GM CEO Rick Wagoner has said he will continue the rebate wars because they help GM gain market share and profits.
Schrempp is forecasting only a slight increase in market share for the Chrysler group in 2003.
In the fourth quarter, the Chrysler group altered its marketing strategy to combat GM. It accepted a markedly lower per-vehicle operating profit - $124 in the fourth quarter compared with $524 in the third quarter - and pushed into leasing, the financial data show.
U.S. marketing costs for the Chrysler group as a percentage of revenue hit a whopping 23.6 percent in the fourth quarter of 2002, seven percentage points higher than the third quarter.
The company also turned to leasing to fight GM.

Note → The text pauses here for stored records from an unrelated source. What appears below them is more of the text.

lemma Inf_sum_Pi:
  fixes f :: "'c \<Rightarrow> 'b \<Rightarrow> real"
  assumes fin: "finite C" and ne: "\<And>c. c \<in> C \<Longrightarrow> A c \<noteq> {}"
    and bdd: "\<And>c. c \<in> C \<Longrightarrow> bdd_below (f c ` A c)"
  shows "Inf ((\<lambda>a. \<Sum>c\<in>C. f c (a c)) ` Pi C A) = (\<Sum>c\<in>C. Inf (f c ` A c))"
proof (rule antisym)
  let ?S = "(\<lambda>a. \<Sum>c\<in>C. f c (a c)) ` Pi C A"
  have lower: "(\<Sum>c\<in>C. Inf (f c ` A c)) \<le> (\<Sum>c\<in>C. f c (a c))" if "a \<in> Pi C A" for a
    using that bdd by (intro sum_mono cInf_lower) auto
  show "(\<Sum>c\<in>C. Inf (f c ` A c)) \<le> Inf ?S"
    using ne lower by (intro cInf_greatest) auto
  show "Inf ?S \<le> (\<Sum>c\<in>C. Inf (f c ` A c))"
  proof (rule field_le_epsilon)
    fix e :: real assume "0 < e"
    define \<delta> where "\<delta> = e / (card C + 1)"
    have "0 < \<delta>" using \<open>0 < e\<close> by (simp add: \<delta>_def)
    have "\<exists>y\<in>A c. f c y < Inf (f c ` A c) + \<delta>" if "c \<in> C" for c
      using cInf_lessD[of "f c ` A c" "Inf (f c ` A c) + \<delta>"] ne[OF that] \<open>0 < \<delta>\<close> by auto
    then have "\<forall>c\<in>C. \<exists>y\<in>A c. f c y < Inf (f c ` A c) + \<delta>" by blast
    then obtain a where a: "a \<in> Pi C A" "\<And>c. c \<in> C \<Longrightarrow> f c (a c) < Inf (f c ` A c) + \<delta>"
      by (metis Pi_I)
    have "Inf ?S \<le> (\<Sum>c\<in>C. f c (a c))"
      using a(1) bdd_belowI2[OF lower] by (intro cInf_lower) auto
    also have "\<dots> \<le> (\<Sum>c\<in>C. Inf (f c ` A c) + \<delta>)"
      using a(2) by (intro sum_mono less_imp_le)
    also have "\<dots> = (\<Sum>c\<in>C. Inf (f c ` A c)) + card C * \<delta>"
      by (simp add: sum.distrib)
    also have "card C * \<delta> \<le> e"
      using \<open>0 < e\<close> by (simp add: \<delta>_def field_simps)
    finally show "Inf ?S \<le> (\<Sum>c\<in>C. Inf (f c ` A c)) + e" by simp
  qed
qed


lemma Inf_sum_restrict_all:
  fixes g :: "'a \<Rightarrow> 'b \<Rightarrow> real"
  assumes fin: "finite C" "\<And>c. c \<in> C \<Longrightarrow> finite (D c)" and disj: "disjoint_family_on D C"
    and ne: "\<And>c. c \<in> C \<Longrightarrow> A c \<noteq> {}" and A: "\<And>c. c \<in> C \<Longrightarrow> A c \<subseteq> D c \<rightarrow>\<^sub>E X"
    and nonneg: "\<And>l y. l \<in> (\<Union>c\<in>C. D c) \<Longrightarrow> y \<in> X \<Longrightarrow> 0 \<le> g l y"
  shows "Inf ((\<lambda>lam. \<Sum>l\<in>(\<Union>c\<in>C. D c). g l (lam l)) `
              {lam \<in> (\<Union>c\<in>C. D c) \<rightarrow>\<^sub>E X. \<forall>c\<in>C. restrict lam (D c) \<in> A c})
       = (\<Sum>c\<in>C. Inf ((\<lambda>lam. \<Sum>l\<in>D c. g l (lam l)) ` A c))"
proof -
  let ?U = "\<Union>c\<in>C. D c"
  let ?cost = "\<lambda>E lam. \<Sum>l\<in>E. g l (lam l)"
  have split: "?cost ?U lam = (\<Sum>c\<in>C. ?cost (D c) (restrict lam (D c)))" for lam
    using fin disj by (simp add: sum.UNION_disjoint_family)
  have "(?cost ?U) ` {lam \<in> ?U \<rightarrow>\<^sub>E X. \<forall>c\<in>C. restrict lam (D c) \<in> A c}
      = (\<lambda>a. \<Sum>c\<in>C. ?cost (D c) (a c)) ` Pi C A"
  proof (intro equalityI subsetI)
    fix z assume "z \<in> (?cost ?U) ` {lam \<in> ?U \<rightarrow>\<^sub>E X. \<forall>c\<in>C. restrict lam (D c) \<in> A c}"
    then obtain lam where "\<forall>c\<in>C. restrict lam (D c) \<in> A c" "z = ?cost ?U lam" by blast
    then show "z \<in> (\<lambda>a. \<Sum>c\<in>C. ?cost (D c) (a c)) ` Pi C A"
      by (intro image_eqI[of _ _ "\<lambda>c. restrict lam (D c)"]) (simp_all add: split)
  next
    fix z assume "z \<in> (\<lambda>a. \<Sum>c\<in>C. ?cost (D c) (a c)) ` Pi C A"
    then obtain a where a: "a \<in> Pi C A" "z = (\<Sum>c\<in>C. ?cost (D c) (a c))" by blast
    have "a c \<in> D c \<rightarrow>\<^sub>E X" if "c \<in> C" for c
      using a(1) A that by blast
    then obtain lam where lam: "lam \<in> ?U \<rightarrow>\<^sub>E X" "\<And>c. c \<in> C \<Longrightarrow> restrict lam (D c) = a c"
      using PiE_glue[OF disj] by blast
    then show "z \<in> (?cost ?U) ` {lam \<in> ?U \<rightarrow>\<^sub>E X. \<forall>c\<in>C. restrict lam (D c) \<in> A c}"
      using a by (intro image_eqI[of _ _ lam]) (auto simp: split)
  qed
  moreover have "bdd_below (?cost (D c) ` A c)" if "c \<in> C" for c
    using that A by (intro bdd_belowI2[of _ 0] sum_nonneg nonneg) (auto simp: PiE_iff)
  ultimately show ?thesis
    using Inf_sum_Pi[of C A "\<lambda>c. ?cost (D c)"] fin(1) ne by simp
qed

In the fourth quarter of 2002, 17.3 percent of the Chrysler group's U.S. retail transactions were leases, seven percentage points higher than the third quarter.
Despite the higher incentives and leasing, the company's U.S. vehicle supply climbed to 75 days in the fourth quarter of 2002, seven more days than the third quarter.
Chrysler group sales fell 14.1 percent in the fourth quarter to 481,587 units from the fourth quarter of 2001.
The Chrysler group does not release production forecasts.
But last week the company said its first quarter vehicle build would fall below the 670,856 units built in the first quarter of 2002.